Таков человек, который взялся написать историю нашей страны для немцев. О его работе я ничего не сказал, ибо не видел ее; я пишу это экспромтом, увидев газетное объявление о первом томе. Он, несомненно, сделает многое, чтобы представить нас в правильном свете в глазах своего собственного народа, где, однако, в этом меньше нужды, чем в другой стране, чей народ более близок нам, где, однако, такая услуга вряд ли будет оказана.

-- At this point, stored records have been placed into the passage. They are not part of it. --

(* There is an absolute constant $c>0$ such that, for every graph $G=(V,E)$ on $n\ge2$ vertices, with $\alpha=c/\log n$, the edge set of $G$ can be decomposed into an edge-disjoint union of subgraphs $G_1\uplus G_2\uplus\cdots\uplus G_k$ such that (a) each vertex appears in at most $O(\log^2 n)$ of the subgraphs, and (b) each subgraph $G_i$ is an $\frac{\alpha}{4}$-weakly-regular $\alpha$-expander.
   Context: For a graph $H=(U,F)$ and $S\subseteq U$, $\mathrm{vol}(S)=\sum_{v\in S}\deg_H(v)$. $H$ is an $\alpha$-expander if for every $S\subseteq U$, $|F(S,U\setminus S)|\ge\alpha\min\{\mathrm{vol}(S),\mathrm{vol}(U\setminus S)\}$. For $\gamma\in[0,1]$, $H$ is $\gamma$-weakly-regular if every vertex of $H$ has degree at least $\gamma$ times the average degree $\frac{1}{|U|}\sum_{u\in U}\deg_H(u)$. The $O(\cdot)$ hides an absolute constant. *)

theory Defs
  imports Complex_Main
begin

definition simple_graph :: "'a set \<Rightarrow> 'a set set \<Rightarrow> bool" where
  "simple_graph V E \<longleftrightarrow> finite V \<and>
     (\<forall>e\<in>E. \<exists>u v. e = {u, v} \<and> u \<noteq> v \<and> u \<in> V \<and> v \<in> V)"

definition deg :: "'a set set \<Rightarrow> 'a \<Rightarrow> nat" where
  "deg F v = card {e\<in>F. v \<in> e}"

definition vol :: "'a set set \<Rightarrow> 'a set \<Rightarrow> nat" where
  "vol F S = (\<Sum>v\<in>S. deg F v)"

definition cut_edges :: "'a set set \<Rightarrow> 'a set \<Rightarrow> 'a set \<Rightarrow> 'a set set" where
  "cut_edges F S T = {e\<in>F. e \<inter> S \<noteq> {} \<and> e \<inter> T \<noteq> {}}"

definition is_expander :: "real \<Rightarrow> 'a set \<Rightarrow> 'a set set \<Rightarrow> bool" where
  "is_expander \<alpha> U F \<longleftrightarrow>
     (\<forall>S\<subseteq>U. real (card (cut_edges F S (U - S)))
               \<ge> \<alpha> * real (min (vol F S) (vol F (U - S))))"

definition weakly_regular :: "real \<Rightarrow> 'a set \<Rightarrow> 'a set set \<Rightarrow> bool" where
  "weakly_regular \<gamma> U F \<longleftrightarrow>
     (\<forall>u\<in>U. real (deg F u) \<ge> \<gamma> * (real (\<Sum>w\<in>U. deg F w) / real (card U)))"

end

theory Submission
  imports Defs "HOL-Library.Disjoint_Sets"
begin

(* Take a partition P of V minimising the potential
     |crossing edges| + 2 phi sum_X vol(X) ln vol(X) + (phi/4) sum_X vol(X) ln |X|,
   with phi = 1/(32 ln n) and volumes measured in the whole graph, so that they add up when a
   part is split. Splitting a part X into S and T = X - S adds the cut between them, lowers the
   entropy term by at least 2 phi ln 2 min(vol S, vol T) and does not raise the last term; by
   minimality every induced part is a phi-expander. Splitting off a single vertex u instead makes
   the last term drop by at least (phi/4) vol(X)/|X|, which bounds deg u from below: the parts are
   weakly regular. Comparing with the trivial partition {V} shows that fewer than half of the
   edges cross P. Recursing on the crossing edges, all edges are covered after 2 log_2 n + 2 rounds,
   and each vertex lies in one part per round. *)

section \<open>Simple graphs and volumes\<close>

definition induced_edges :: "'a set set \<Rightarrow> 'a set \<Rightarrow> 'a set set" where
  "induced_edges E X = {e\<in>E. e \<subseteq> X}"

lemma simple_graph_edgeE:
  assumes "simple_graph V E" "e \<in> E"
  obtains u v where "e = {u, v}" "u \<noteq> v" "u \<in> V" "v \<in> V"
  using assms unfolding simple_graph_def by auto

lemma simple_graph_finite_vertices: "simple_graph V E \<Longrightarrow> finite V"
  unfolding simple_graph_def by simp

lemma simple_graph_edges_subset_Pow: "simple_graph V E \<Longrightarrow> E \<subseteq> Pow V"
  unfolding simple_graph_def by auto

lemma simple_graph_finite_edges:
  assumes "simple_graph V E"
  shows "finite E"
proof (rule finite_subset)
  show "E \<subseteq> Pow V"
    using assms by (rule simple_graph_edges_subset_Pow)
  show "finite (Pow V)"
    using assms by (simp add: simple_graph_finite_vertices)
qed
lemma dual_step_vertex: "x \<in> B \<Longrightarrow> (x, \<sigma> (\<alpha> x)) \<in> dart_step (dual M) f"
  and dual_step_edge: "x \<in> B \<Longrightarrow> x \<notin> f \<Longrightarrow> (x, \<alpha> x) \<in> dart_step (dual M) f"
  using dart_stepI[of x "dual M" f] by simp_all

lemma dart_connected_dual_delete: "dart_connected (dual (delete M e)) f"
proof -
  have "f \<in> edges (delete M e)"
    using premap_edge_delete_contract(1)[OF premap e_closed f_edge] e_f_disjoint by blast
  then show ?thesis
    using f_not_sep_loop
      not_sep_loop_iff_dart_connected[OF premap_delete_contract(1)[OF premap e_closed]]
    by blast
qed

lemma dual_dart_conn_del_face_perm: "(z, del_face_perm M e z) \<in> dart_conn (dual M) f"
proof (cases "z \<in> e")
  case True
  then have "(z, \<alpha> z) \<in> dart_step (dual M) f" "(\<alpha> z, \<sigma> (\<alpha> (\<alpha> z))) \<in> dart_step (dual M) f"
    using dual_step_vertex dual_step_edge e_darts e_f_disjoint
      permutes_in_image[OF \<alpha>_permutes] by auto
  then have "(z, \<sigma> z) \<in> dart_conn (dual M) f"
    using rtrancl_into_rtrancl[OF r_into_rtrancl] \<alpha>_\<alpha> by (metis UnI1)
  then show ?thesis using True del_face_perm_apply[OF premap e_closed] by simp
next
  case False
  then have "del_face_perm M e z = \<sigma> (\<alpha> z)" using del_face_perm_apply[OF premap e_closed] by simp
  moreover have "\<sigma> (\<alpha> z) = z" if "z \<notin> B"
    using that permutes_not_in[OF \<alpha>_permutes] permutes_not_in[OF \<sigma>_permutes] by simp
  ultimately show ?thesis using dual_step_vertex[of z] by (cases "z \<in> B") auto
qed

lemma dual_dart_conn_delete_darts:
  assumes "x \<in> B - e" "y \<in> B - e"
  shows "(x, y) \<in> dart_conn (dual M) f"
proof -
  have "(u, w) \<in> dart_conn (dual M) f" if "(u, w) \<in> dart_step (dual (delete M e)) f" for u w
    using that
  proof (cases rule: dart_stepE)
    case 1
    then have "w = restr (del_face_perm M e) (B - e) u"
      using fun_cong[OF vperm_dual_delete[OF premap e_closed], of u] by simp
    then show ?thesis
      using restr_rtrancl_image[where h = "\<lambda>x. x", OF dual_dart_conn_del_face_perm] by simp
  next
    case 2
    then show ?thesis
      using dual_step_edge[of u] premap_restr_eperm(2)[OF premap e_closed] by auto
  qed
  moreover have "(x, y) \<in> dart_conn (dual (delete M e)) f"
    using dart_connected_dual_delete assms unfolding dart_connected_def by simp
  ultimately show ?thesis by (rule rtrancl_symcl_mono)
qed

lemma dual_dart_conn_edge: "(x, \<alpha> x) \<in> dart_conn (dual M) f"
proof (cases "x \<in> f")
  case True
  then show ?thesis
    using dual_dart_conn_delete_darts f_closed f_darts e_f_disjoint by blast
next
  case False
  then show ?thesis
    using dual_step_edge[of x] permutes_not_in[OF \<alpha>_permutes, of x] by (cases "x \<in> B") auto
qed

lemma dual_dart_conn_vertex: "(x, \<sigma> x) \<in> dart_conn (dual M) f"
proof (cases "x \<in> B")
  case True
  then have "(\<alpha> x, \<sigma> (\<alpha> (\<alpha> x))) \<in> dart_step (dual M) f"
    using dual_step_vertex permutes_in_image[OF \<alpha>_permutes] by blast
  then show ?thesis
    using rtrancl_into_rtrancl[OF dual_dart_conn_edge[of x]] \<alpha>_\<alpha> by (metis UnI1)
next
  case False
  then show ?thesis using permutes_not_in[OF \<sigma>_permutes] by simp
qed

lemma dart_connected_dual: "dart_connected (dual M) f"
proof -
  let ?r = "{(b, \<sigma> b) | b. True} \<union> {(b, \<alpha> b) | b. True}"
  have "gen_step \<sigma> \<alpha> = ?r \<union> ?r\<inverse>" unfolding gen_step_def by blast
  then have "(x, y) \<in> (?r \<union> ?r\<inverse>)\<^sup>*" if "x \<in> B" "y \<in> B" for x y
    using map that unfolding is_map_def Let_def by simp
  moreover have "(u, w) \<in> dart_conn (dual M) f" if "(u, w) \<in> ?r" for u w
    using that dual_dart_conn_edge dual_dart_conn_vertex by blast
  ultimately have "(x, y) \<in> dart_conn (dual M) f" if "x \<in> B" "y \<in> B" for x y
    using that by (blast intro: rtrancl_symcl_mono)
  then show ?thesis unfolding dart_connected_def by simp
qed

theorem not_sep_loop: "\<not> is_sep_loop M f"
  using not_sep_loop_iff_dart_connected[OF premap f_edge] dart_connected_dual by blast

abbreviation "\<psi> \<equiv> con_vertex_perm M f"

lemma \<psi>_permutes: "\<psi> permutes B"
  using premap f_closed by (rule con_vertex_perm_permutes)

lemma \<psi>_apply: "\<psi> x = (if x \<in> f then \<sigma> (\<alpha> x) else \<sigma> x)"
  using premap f_closed by (rule con_vertex_perm_apply)

text \<open>\<open>f_trapped\<close> is closed under the steps of \<open>dart_conn (dual M) f\<close>, which connect all
  darts, and misses the darts of \<open>e\<close>; hence it is empty.\<close>

definition f_trapped :: "'a set" where
  "f_trapped = {x \<in> B. \<forall>k. (\<psi> ^^ k) x \<in> f}"

lemma f_trapped_in_f: "x \<in> f_trapped \<Longrightarrow> x \<in> f"
proof -
  assume "x \<in> f_trapped"
  then have "(\<psi> ^^ 0) x \<in> f" unfolding f_trapped_def by blast
  then show "x \<in> f" by simp
qed

lemma f_trapped_forward:
  assumes "(u, w) \<in> dart_step (dual M) f" "u \<in> f_trapped"
  shows "w \<in> f_trapped"
  using assms(1)
proof (cases rule: dart_stepE)
  case 1
  then have "w = \<psi> u" using f_trapped_in_f[OF assms(2)] \<psi>_apply by simp
  then have "(\<psi> ^^ k) w = (\<psi> ^^ Suc k) u" for k by (simp add: funpow_swap1)
  moreover have "(\<psi> ^^ Suc k) u \<in> f" for k using assms(2) unfolding f_trapped_def by blast
  moreover have "w \<in> B"
    using assms(2) permutes_in_image[OF \<psi>_permutes] \<open>w = \<psi> u\<close> unfolding f_trapped_def by simp
  ultimately show ?thesis unfolding f_trapped_def by simp
qed (use f_trapped_in_f[OF assms(2)] in simp)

ВЕЛИКИЙ АМЕРИКАНСКИЙ КРИЗИС.
ЧАСТЬ ТРЕТЬЯ.
В последней статье на эту тему в «Континентал» мы завершили рассмотрение последствий скорой победы Севера над всем Югом, за которой последовало бы восстановление старого Союза на точно такой же старой основе. Мы показали, что в таком случае война была бы бесплодной даже в той мере, в какой она не устранила бы свою собственную причину и не предотвратила бы ее почти немедленное и более отчаянное возобновление; что рассматриваемый вопрос — это вопрос о высшей государственной власти между двумя противоположными теориями социального существования; между двумя различными и конфликтующими цивилизациями; между двумя антагонистическими и непримиримыми политическими и моральными силами; и что он должен быть решен до полного подчинения менее развитой или более варварской и склонной к регрессу из этих сил — если только колесо прогресса на этом континенте не должно быть повернуто вспять, а лозунг деспотизма не должен быть заменен лозунгом свободы: не только то, что это должно быть решено на поле боя, но и то, что плоды победы не должны быть слепо или глупо отданы после того, как очевидная и внешняя победа одержана.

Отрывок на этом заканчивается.